*** Material for the task Section Begins ***
lemma tree_name_eq_map_name_entry:
  "tree_name t = map (name_entry (parens t 1)) [1..<internal t + 1]"
  unfolding tree_name_def name_entry_def by simp

lemma name_entry_cong:
  assumes "(\<exists>b. (i, b) \<in> P) \<longleftrightarrow> (\<exists>b. (i, b) \<in> Q)"
    and "\<And>a. (a, i) \<in> P \<longleftrightarrow> (a, i) \<in> Q"
  shows "name_entry P i = name_entry Q i"
  unfolding name_entry_def using assms by simp

lemma name_entry_shift:
  assumes "finite P" "(\<exists>b. (i, b) \<in> P) \<or> (\<exists>a. (a, i) \<in> P)"
  shows "name_entry (shift_pairs d P) (i + d) = name_entry P i + d"
proof (cases "\<exists>b. (i, b) \<in> P")
  case True
  then show ?thesis by (force simp: name_entry_def shift_pairs_def)
next
  case False
  let ?A = "{a. (a, i) \<in> P}"
  have shifted: "{a. (a, i + d) \<in> shift_pairs d P} = (\<lambda>a. a + d) ` ?A"
    by (force simp: shift_pairs_def)
  have "finite ?A"
    using finite_subset[of ?A "fst ` P"] assms(1) by force
  moreover have "?A \<noteq> {}" using False assms(2) by simp
  ultimately have "Min ((\<lambda>a. a + d) ` ?A) = Min ?A + d"
    using mono_Min_commute[of "\<lambda>a. a + d" ?A] by (simp add: mono_def)
  moreover have "\<not> (\<exists>b. (i + d, b) \<in> shift_pairs d P)"
    using False by (auto simp: shift_pairs_def)
  ultimately show ?thesis using False by (simp add: name_entry_def shifted)
qed

lemma parens_graft_rightmost_1:
  "parens (graft_rightmost t s) 1 =
     (\<lambda>(a, b). (a, (id(internal t + 1 := internal t + internal s + 1)) b)) ` parens t 1
     \<union> shift_pairs (internal t) (parens s 1)"
  using parens_graft_rightmost[of t s 1] parens_shift[of s 1 "internal t"]
  by (simp add: leaves_eq_internal_Suc add.commute)

lemma mem_parens_graft_rightmost_1:
  "(a, b) \<in> parens (graft_rightmost t s) 1 \<longleftrightarrow>
     (\<exists>b'. (a, b') \<in> parens t 1 \<and> b = (id(internal t + 1 := internal t + internal s + 1)) b')
     \<or> (a, b) \<in> shift_pairs (internal t) (parens s 1)"
  unfolding parens_graft_rightmost_1 by force

lemma name_entry_graft_rightmost_left:
  assumes "1 \<le> i" "i \<le> internal t"
  shows "name_entry (parens (graft_rightmost t s) 1) i = name_entry (parens t 1) i"
proof (rule name_entry_cong)
  have s_shifted: "a > internal t" "b > internal t + 1"
    if "(a, b) \<in> shift_pairs (internal t) (parens s 1)" for a b
    using that parens_range[of "a - internal t" "b - internal t" s 1]
    by (auto simp: shift_pairs_def)
  show "(\<exists>b. (i, b) \<in> parens (graft_rightmost t s) 1) \<longleftrightarrow> (\<exists>b. (i, b) \<in> parens t 1)"
  proof
    assume "\<exists>b. (i, b) \<in> parens (graft_rightmost t s) 1"
    then obtain b where "(i, b) \<in> parens (graft_rightmost t s) 1" ..
    moreover have "(i, b) \<notin> shift_pairs (internal t) (parens s 1)"
      using assms s_shifted(1) by fastforce
    ultimately show "\<exists>b. (i, b) \<in> parens t 1"
      unfolding mem_parens_graft_rightmost_1 by blast
  next
    assume "\<exists>b. (i, b) \<in> parens t 1"
    then show "\<exists>b. (i, b) \<in> parens (graft_rightmost t s) 1"
      unfolding mem_parens_graft_rightmost_1 by blast
  qed
  show "(a, i) \<in> parens (graft_rightmost t s) 1 \<longleftrightarrow> (a, i) \<in> parens t 1" for a
    unfolding mem_parens_graft_rightmost_1 using assms s_shifted by fastforce
qed

lemma name_entry_graft_rightmost_right:
  assumes "1 \<le> j" "j \<le> internal s"
  shows "name_entry (parens (graft_rightmost t s) 1) (j + internal t)
       = name_entry (parens s 1) j + internal t"
proof -
  have t_left: "a \<le> internal t" "b \<le> internal t + 1" if "(a, b) \<in> parens t 1" for a b
    using that parens_range[of a b t 1] leaves_eq_internal_Suc[of t] by auto
  have "name_entry (parens (graft_rightmost t s) 1) (j + internal t)
      = name_entry (shift_pairs (internal t) (parens s 1)) (j + internal t)"
  proof (rule name_entry_cong)
    show "(\<exists>b. (j + internal t, b) \<in> parens (graft_rightmost t s) 1) \<longleftrightarrow>
          (\<exists>b. (j + internal t, b) \<in> shift_pairs (internal t) (parens s 1))"
      unfolding mem_parens_graft_rightmost_1 using assms t_left by fastforce
    show "(a, j + internal t) \<in> parens (graft_rightmost t s) 1 \<longleftrightarrow>
          (a, j + internal t) \<in> shift_pairs (internal t) (parens s 1)" for a
      unfolding mem_parens_graft_rightmost_1 using assms t_left by fastforce
  qed
  also have "\<dots> = name_entry (parens s 1) j + internal t"
  proof (rule name_entry_shift[OF finite_parens])
    have "s \<noteq> Leaf" using assms by auto
    then show "(\<exists>b. (j, b) \<in> parens s 1) \<or> (\<exists>a. (a, j) \<in> parens s 1)"
      using assms by (intro parens_endpoint_exists) (auto simp: leaves_eq_internal_Suc)
  qed
  finally show ?thesis .
qed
*** Material for the task Section Ends ***
--- What is being asked ---
Would you retype the listing above in full, exactly as it reads?

--- Task output ---
lemma tree_name_eq_map_name_entry:
  "tree_name t = map (name_entry (parens t 1)) [1..<internal t + 1]"
  unfolding tree_name_def name_entry_def by simp

lemma name_entry_cong:
  assumes "(\<exists>b. (i, b) \<in> P) \<longleftrightarrow> (\<exists>b. (i, b) \<in> Q)"
    and "\<And>a. (a, i) \<in> P \<longleftrightarrow> (a, i) \<in> Q"
  shows "name_entry P i = name_entry Q i"
  unfolding name_entry_def using assms by simp

lemma name_entry_shift:
  assumes "finite P" "(\<exists>b. (i, b) \<in> P) \<or> (\<exists>a. (a, i) \<in> P)"
  shows "name_entry (shift_pairs d P) (i + d) = name_entry P i + d"
proof (cases "\<exists>b. (i, b) \<in> P")
  case True
  then show ?thesis by (force simp: name_entry_def shift_pairs_def)
next
  case False
  let ?A = "{a. (a, i) \<in> P}"
  have shifted: "{a. (a, i + d) \<in> shift_pairs d P} = (\<lambda>a. a + d) ` ?A"
    by (force simp: shift_pairs_def)
  have "finite ?A"
    using finite_subset[of ?A "fst ` P"] assms(1) by force
  moreover have "?A \<noteq> {}" using False assms(2) by simp
  ultimately have "Min ((\<lambda>a. a + d) ` ?A) = Min ?A + d"
    using mono_Min_commute[of "\<lambda>a. a + d" ?A] by (simp add: mono_def)
  moreover have "\<not> (\<exists>b. (i + d, b) \<in> shift_pairs d P)"
    using False by (auto simp: shift_pairs_def)
  ultimately show ?thesis using False by (simp add: name_entry_def shifted)
qed

lemma parens_graft_rightmost_1:
  "parens (graft_rightmost t s) 1 =
     (\<lambda>(a, b). (a, (id(internal t + 1 := internal t + internal s + 1)) b)) ` parens t 1
     \<union> shift_pairs (internal t) (parens s 1)"
  using parens_graft_rightmost[of t s 1] parens_shift[of s 1 "internal t"]
  by (simp add: leaves_eq_internal_Suc add.commute)

lemma mem_parens_graft_rightmost_1:
  "(a, b) \<in> parens (graft_rightmost t s) 1 \<longleftrightarrow>
     (\<exists>b'. (a, b') \<in> parens t 1 \<and> b = (id(internal t + 1 := internal t + internal s + 1)) b')
     \<or> (a, b) \<in> shift_pairs (internal t) (parens s 1)"
  unfolding parens_graft_rightmost_1 by force

lemma name_entry_graft_rightmost_left:
  assumes "1 \<le> i" "i \<le> internal t"
  shows "name_entry (parens (graft_rightmost t s) 1) i = name_entry (parens t 1) i"
proof (rule name_entry_cong)
  have s_shifted: "a > internal t" "b > internal t + 1"
    if "(a, b) \<in> shift_pairs (internal t) (parens s 1)" for a b
    using that parens_range[of "a - internal t" "b - internal t" s 1]
    by (auto simp: shift_pairs_def)
  show "(\<exists>b. (i, b) \<in> parens (graft_rightmost t s) 1) \<longleftrightarrow> (\<exists>b. (i, b) \<in> parens t 1)"
  proof
    assume "\<exists>b. (i, b) \<in> parens (graft_rightmost t s) 1"
    then obtain b where "(i, b) \<in> parens (graft_rightmost t s) 1" ..
    moreover have "(i, b) \<notin> shift_pairs (internal t) (parens s 1)"
      using assms s_shifted(1) by fastforce
    ultimately show "\<exists>b. (i, b) \<in> parens t 1"
      unfolding mem_parens_graft_rightmost_1 by blast
  next
    assume "\<exists>b. (i, b) \<in> parens t 1"
    then show "\<exists>b. (i, b) \<in> parens (graft_rightmost t s) 1"
      unfolding mem_parens_graft_rightmost_1 by blast
  qed
  show "(a, i) \<in> parens (graft_rightmost t s) 1 \<longleftrightarrow> (a, i) \<in> parens t 1" for a
    unfolding mem_parens_graft_rightmost_1 using assms s_shifted by fastforce
qed

lemma name_entry_graft_rightmost_right:
  assumes "1 \<le> j" "j \<le> internal s"
  shows "name_entry (parens (graft_rightmost t s) 1) (j + internal t)
       = name_entry (parens s 1) j + internal t"
proof -
  have t_left: "a \<le> internal t" "b \<le> internal t + 1" if "(a, b) \<in> parens t 1" for a b
    using that parens_range[of a b t 1] leaves_eq_internal_Suc[of t] by auto
  have "name_entry (parens (graft_rightmost t s) 1) (j + internal t)
      = name_entry (shift_pairs (internal t) (parens s 1)) (j + internal t)"
  proof (rule name_entry_cong)
    show "(\<exists>b. (j + internal t, b) \<in> parens (graft_rightmost t s) 1) \<longleftrightarrow>
          (\<exists>b. (j + internal t, b) \<in> shift_pairs (internal t) (parens s 1))"
      unfolding mem_parens_graft_rightmost_1 using assms t_left by fastforce
    show "(a, j + internal t) \<in> parens (graft_rightmost t s) 1 \<longleftrightarrow>
          (a, j + internal t) \<in> shift_pairs (internal t) (parens s 1)" for a
      unfolding mem_parens_graft_rightmost_1 using assms t_left by fastforce
  qed
  also have "\<dots> = name_entry (parens s 1) j + internal t"
  proof (rule name_entry_shift[OF finite_parens])
    have "s \<noteq> Leaf" using assms by auto
    then show "(\<exists>b. (j, b) \<in> parens s 1) \<or> (\<exists>a. (a, j) \<in> parens s 1)"
      using assms by (intro parens_endpoint_exists) (auto simp: leaves_eq_internal_Suc)
  qed
  finally show ?thesis .
qed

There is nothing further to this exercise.